EXERCISE INSTRUCTIONS:
Every record must come back exactly as given.

[Saved entries]
(* Let $\Lambda$ be a finite, strongly connected $k$-graph and $y$ an $\mathbb{R}_+$-functor on $\Lambda$. Then the map $\theta\mapsto\mu_{y,\theta}$, from $[0,\infty)$ to the space of Borel probability measures on $\Lambda^\infty$ equipped with the weak* topology (as a subset of the dual of $C(\Lambda^\infty)$), is continuous.
   Context: A $k$-graph is a countable small category $\Lambda$ with a degree functor $d:\Lambda\to\mathbb{N}^k$ satisfying unique factorization: if $d(\lambda)=m+n$ there are unique $\eta,\nu$ with $\lambda=\eta\nu$, $d(\eta)=m$, $d(\nu)=n$. $\Lambda^n=d^{-1}(n)$, $\Lambda^0$ = vertices, $r,s$ range and source, $v\Lambda^nw=\{\lambda\in\Lambda^n:r(\lambda)=v,s(\lambda)=w\}$, $v\Lambda w=\bigcup_n v\Lambda^n w$; $e_i$ standard basis vectors. $\Lambda$ is finite if each $\Lambda^n$ is finite and strongly connected if $v\Lambda w\neq\emptyset$ for all vertices $v,w$. An $\mathbb{R}_+$-functor is $y:\Lambda\to[0,\infty)$ with $y(v)=0$ on vertices and $y(\lambda\nu)=y(\lambda)+y(\nu)$ when $s(\lambda)=r(\nu)$. $B_i(y,\theta)_{v,w}=\sum_{\lambda\in v\Lambda^{e_i}w}e^{-\theta y(\lambda)}$. For $\Lambda$ finite and strongly connected, there is a unique $\xi^{y,\theta}\in(0,\infty)^{\Lambda^0}$ with $\sum_v\xi^{y,\theta}_v=1$ and $B_i(y,\theta)\xi^{y,\theta}=\rho(B_i(y,\theta))\xi^{y,\theta}$ for all $i$, where $\rho$ denotes spectral radius ($>0$). $\rho(B(y,\theta))^m:=\prod_i\rho(B_i(y,\theta))^{m_i}$. $\Lambda^\infty$ is the set of degree-preserving functors from $\Omega_k$ (objects $\mathbb{N}^k$, morphisms $(m,n)$ with $m\le n$, $d(m,n)=n-m$) to $\Lambda$, with the compact topology generated by the cylinder sets $Z(\lambda)=\{x: x(0,d(\lambda))=\lambda\}$. $\mu_{y,\theta}$ denotes the unique Borel probability measure on $\Lambda^\infty$ with $\mu_{y,\theta}(Z(\lambda))=e^{-\theta y(\lambda)}\rho(B(y,\theta))^{-d(\lambda)}\xi^{y,\theta}_{s(\lambda)}$ for all $\lambda\in\Lambda$. *)

theory Defs
  imports "HOL-Probability.Probability_Measure"
begin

TASK ANSWER:
(* Let $\Lambda$ be a finite, strongly connected $k$-graph and $y$ an $\mathbb{R}_+$-functor on $\Lambda$. Then the map $\theta\mapsto\mu_{y,\theta}$, from $[0,\infty)$ to the space of Borel probability measures on $\Lambda^\infty$ equipped with the weak* topology (as a subset of the dual of $C(\Lambda^\infty)$), is continuous.
   Context: A $k$-graph is a countable small category $\Lambda$ with a degree functor $d:\Lambda\to\mathbb{N}^k$ satisfying unique factorization: if $d(\lambda)=m+n$ there are unique $\eta,\nu$ with $\lambda=\eta\nu$, $d(\eta)=m$, $d(\nu)=n$. $\Lambda^n=d^{-1}(n)$, $\Lambda^0$ = vertices, $r,s$ range and source, $v\Lambda^nw=\{\lambda\in\Lambda^n:r(\lambda)=v,s(\lambda)=w\}$, $v\Lambda w=\bigcup_n v\Lambda^n w$; $e_i$ standard basis vectors. $\Lambda$ is finite if each $\Lambda^n$ is finite and strongly connected if $v\Lambda w\neq\emptyset$ for all vertices $v,w$. An $\mathbb{R}_+$-functor is $y:\Lambda\to[0,\infty)$ with $y(v)=0$ on vertices and $y(\lambda\nu)=y(\lambda)+y(\nu)$ when $s(\lambda)=r(\nu)$. $B_i(y,\theta)_{v,w}=\sum_{\lambda\in v\Lambda^{e_i}w}e^{-\theta y(\lambda)}$. For $\Lambda$ finite and strongly connected, there is a unique $\xi^{y,\theta}\in(0,\infty)^{\Lambda^0}$ with $\sum_v\xi^{y,\theta}_v=1$ and $B_i(y,\theta)\xi^{y,\theta}=\rho(B_i(y,\theta))\xi^{y,\theta}$ for all $i$, where $\rho$ denotes spectral radius ($>0$). $\rho(B(y,\theta))^m:=\prod_i\rho(B_i(y,\theta))^{m_i}$. $\Lambda^\infty$ is the set of degree-preserving functors from $\Omega_k$ (objects $\mathbb{N}^k$, morphisms $(m,n)$ with $m\le n$, $d(m,n)=n-m$) to $\Lambda$, with the compact topology generated by the cylinder sets $Z(\lambda)=\{x: x(0,d(\lambda))=\lambda\}$. $\mu_{y,\theta}$ denotes the unique Borel probability measure on $\Lambda^\infty$ with $\mu_{y,\theta}(Z(\lambda))=e^{-\theta y(\lambda)}\rho(B(y,\theta))^{-d(\lambda)}\xi^{y,\theta}_{s(\lambda)}$ for all $\lambda\in\Lambda$. *)

theory Defs
  imports "HOL-Probability.Probability_Measure"
begin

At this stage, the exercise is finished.